The Geezer is Dean Pannell, aka dinotrac.

His long strange trip through computing began in high school, punching WATFOR  onto cards for the  IBM 360 at Rutgers.  His professional start came in the grueling  Systems Engineering Development program at Electronic Data Systems.

From capacity planning and performance analysis to software development, project management, technical writing, system administration and classroom instruction, he’s never forgetten one basic principle: Software is written to meet the needs of the people who use it.  It is developed for a purpose.

Career highlights include patents earned for the load-balancing dispatcher in a nationwide virtual call center router,  and  traveling to Europe to present seminars he had developed for voice application developers on a switching platform that was itself still under heavy development.   Agile development? Try twitchy.

It’s mostly  Ruby on Rails these days, after a progression through perl/CGI, perl/mod_perl, PHP, and, especially, Zope/python.

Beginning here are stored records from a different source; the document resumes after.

text \<open>Commuting \<open>g\<close> past a correction term of \<open>x_j\<close> (which lowers the exponent \<open>k\<close> and
  multiplies by \<open>\<gamma>_a\<close>) costs the same scalar \<open>c = g(x_j)\<close> as commuting it past \<open>x_j\<close>.\<close>

lemma chi_dec_alpha_gen:
  assumes "g \<in> G" "f \<in> G" "a < n" "k < n" "0 < p k" "g a * g (Suc a mod n) = g k * c"
  shows "chi g (dec k p) * \<alpha> g (gmul (\<gamma> a) f) = c * chi g p * \<alpha> g f * \<alpha> (\<gamma> a) g"
proof -
  have "\<alpha> g (gmul (\<gamma> a) f) = \<alpha> g (\<gamma> a) * \<alpha> g f"
    using alpha_gmul_right gen_in_Gset assms(2,3) by blast
  also have "\<alpha> g (\<gamma> a) = g k * c * \<alpha> (\<gamma> a) g" using alpha_gen_swap assms(1,3,6) by simp
  finally have "chi g (dec k p) * \<alpha> g (gmul (\<gamma> a) f) = (g k * chi g (dec k p)) * c * \<alpha> (\<gamma> a) g * \<alpha> g f"
    by (simp add: mult_ac)
  thus ?thesis using chi_dec assms(4,5) by (simp add: mult_ac)
qed

end

section \<open>The twisted tensor algebra \<open>TV #\<^sub>\<alpha> G\<close>\<close>

lemma supp_sum_subset: "supp (\<lambda>x. \<Sum>m\<in>S. c m * b m x) \<subseteq> (\<Union>m\<in>S. supp (b m))"
proof
  fix x assume "x \<in> supp (\<lambda>x. \<Sum>m\<in>S. c m * b m x)"
  hence "(\<Sum>m\<in>S. c m * b m x) \<noteq> 0" by (simp add: supp_def)
  then obtain m where "m \<in> S" "b m x \<noteq> 0" by (metis (mono_tags, lifting) mult_zero_right sum.neutral)
  thus "x \<in> (\<Union>m\<in>S. supp (b m))" by (auto simp: supp_def)
qed

lemma supp_B: "supp (B w g) = {(w, g)}" by (auto simp: supp_def B_def)

lemma esmul_1: "esmul 1 a = a" by (simp add: esmul_def)

context diag_group
begin

abbreviation "mul \<equiv> emul n l \<zeta>"
abbreviation "\<A> \<equiv> Alg n l"
abbreviation "sc \<equiv> scoef n l \<zeta>"

definition idx_mul :: "idx \<Rightarrow> idx \<Rightarrow> idx" where "idx_mul x y = (fst x @ fst y, gmul (snd x) (snd y))"

lemma mul_apply: "mul a b w = (\<Sum>x\<in>supp a. \<Sum>y\<in>supp b. a x * b y * sc x y * (if w = idx_mul x y then 1 else 0))"
  unfolding emul_def idx_mul_def by simp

He gravitated to ruby because it’s a natural descendant of perl.  Though very different,  each seeks, in its own way,  to make programming feel natural.  As Matz (Yukihiro Matsumoto, ruby’s developer) put it:

Ruby is designed to make programmers happy.

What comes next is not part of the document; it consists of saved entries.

(* Let $\mathrm P$ be a polymatroid on $E$ of rank $r\le n$. Then in the polytope algebra $\overline{\mathbb I}(\Sigma_{\widetilde E})$ one has $[I(\pi^*(\mathrm P))]=[I(\mathrm M_\pi(\mathrm P))]+\sum_k a_k[I(\mathrm M_k)]$ for some integers $a_k$ and matroids $\mathrm M_k$ on $\widetilde E$ each of rank strictly less than $r$.
   Context: $E=\{1,\dots,m\}$, $\widetilde E$ an $n$-element set, $\pi:\widetilde E\to E$ a map, $\mathbf e_U=\sum_{j\in U}\mathbf e_j$. A polymatroid on $E$ is a submodular monotone $\operatorname{rk}_{\mathrm P}:2^E\to\mathbb Z_{\ge0}$ with $\operatorname{rk}_{\mathrm P}(\emptyset)=0$; rank $\operatorname{rk}_{\mathrm P}(E)$; independence polytope $I(\mathrm P)=\{x\ge0:\sum_{i\in S}x_i\le\operatorname{rk}_{\mathrm P}(S)\ \forall S\}$ (a matroid is the case where all singletons have rank $\le1$). The expansion $\pi^*(\mathrm P)$ is the polymatroid on $\widetilde E$ with rank $U\mapsto\operatorname{rk}_{\mathrm P}(\pi(U))$. The multisymmetric lift $\mathrm M_\pi(\mathrm P)$ is the matroid on $\widetilde E$ with rank $U\mapsto\min_{A\subseteq E}\{\operatorname{rk}_{\mathrm P}(A)+|U\setminus\pi^{-1}(A)|\}$. The stellahedral fan $\Sigma_{\widetilde E}$ in $\mathbb R^{\widetilde E}$ has cones $\operatorname{cone}(-\mathbf e_{\widetilde E\setminus F_1},\dots,-\mathbf e_{\widetilde E\setminus F_k},\mathbf e_j:j\in I)$ for chains $F_1\subsetneq\dots\subsetneq F_k\subsetneq\widetilde E$ and $I\subseteq F_1$ (with $F_1=\widetilde E$ if $k=0$). For a unimodular projective fan $\Sigma$ in $\mathbb R^\ell$, the polytope algebra $\overline{\mathbb I}(\Sigma)$ is the group generated by indicator functions $\mathbf 1_Q$ of lattice polytopes $Q$ whose normal fan coarsens $\Sigma$, modulo $\mathbf 1_Q-\mathbf 1_{Q+u}$, $u\in\mathbb Z^\ell$; $[Q]$ denotes the class of $\mathbf 1_Q$. *)

theory Defs
  imports "HOL-Analysis.Analysis"
begin

definition polymatroid :: "'a set \<Rightarrow> ('a set \<Rightarrow> nat) \<Rightarrow> bool" where
  "polymatroid E rk \<longleftrightarrow>
     rk {} = 0 \<and>
     (\<forall>A B. A \<subseteq> B \<and> B \<subseteq> E \<longrightarrow> rk A \<le> rk B) \<and>
     (\<forall>A B. A \<subseteq> E \<and> B \<subseteq> E \<longrightarrow> rk (A \<union> B) + rk (A \<inter> B) \<le> rk A + rk B)"

definition matroid :: "'a set \<Rightarrow> ('a set \<Rightarrow> nat) \<Rightarrow> bool" where
  "matroid E rk \<longleftrightarrow> polymatroid E rk \<and> (\<forall>j\<in>E. rk {j} \<le> 1)"

definition indep_polytope :: "('e::finite set \<Rightarrow> nat) \<Rightarrow> (real^'e) set" where
  "indep_polytope rk = {x. (\<forall>i. 0 \<le> x $ i) \<and> (\<forall>S. (\<Sum>i\<in>S. x $ i) \<le> real (rk S))}"

definition expansion :: "('e \<Rightarrow> 'b) \<Rightarrow> ('b set \<Rightarrow> nat) \<Rightarrow> ('e set \<Rightarrow> nat)" where
  "expansion \<pi> rk = (\<lambda>U. rk (\<pi> ` U))"

definition multisym_lift :: "'b set \<Rightarrow> ('e \<Rightarrow> 'b) \<Rightarrow> ('b set \<Rightarrow> nat) \<Rightarrow> ('e set \<Rightarrow> nat)" where
  "multisym_lift E \<pi> rk = (\<lambda>U. Min {rk A + card (U - \<pi> -` A) | A. A \<subseteq> E})"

Rails was a more practical matter.  After years of working in places and incrementally discovering great work done by predecessors, the Geezer appreciates that Rails is more than a piece of technology.  The “rails way”, from its aggressive support for agile development to its emphasis on convention over configuration, creates a sort of Universal Corporate Culture that gives Railhands a leg up on development and maintenance.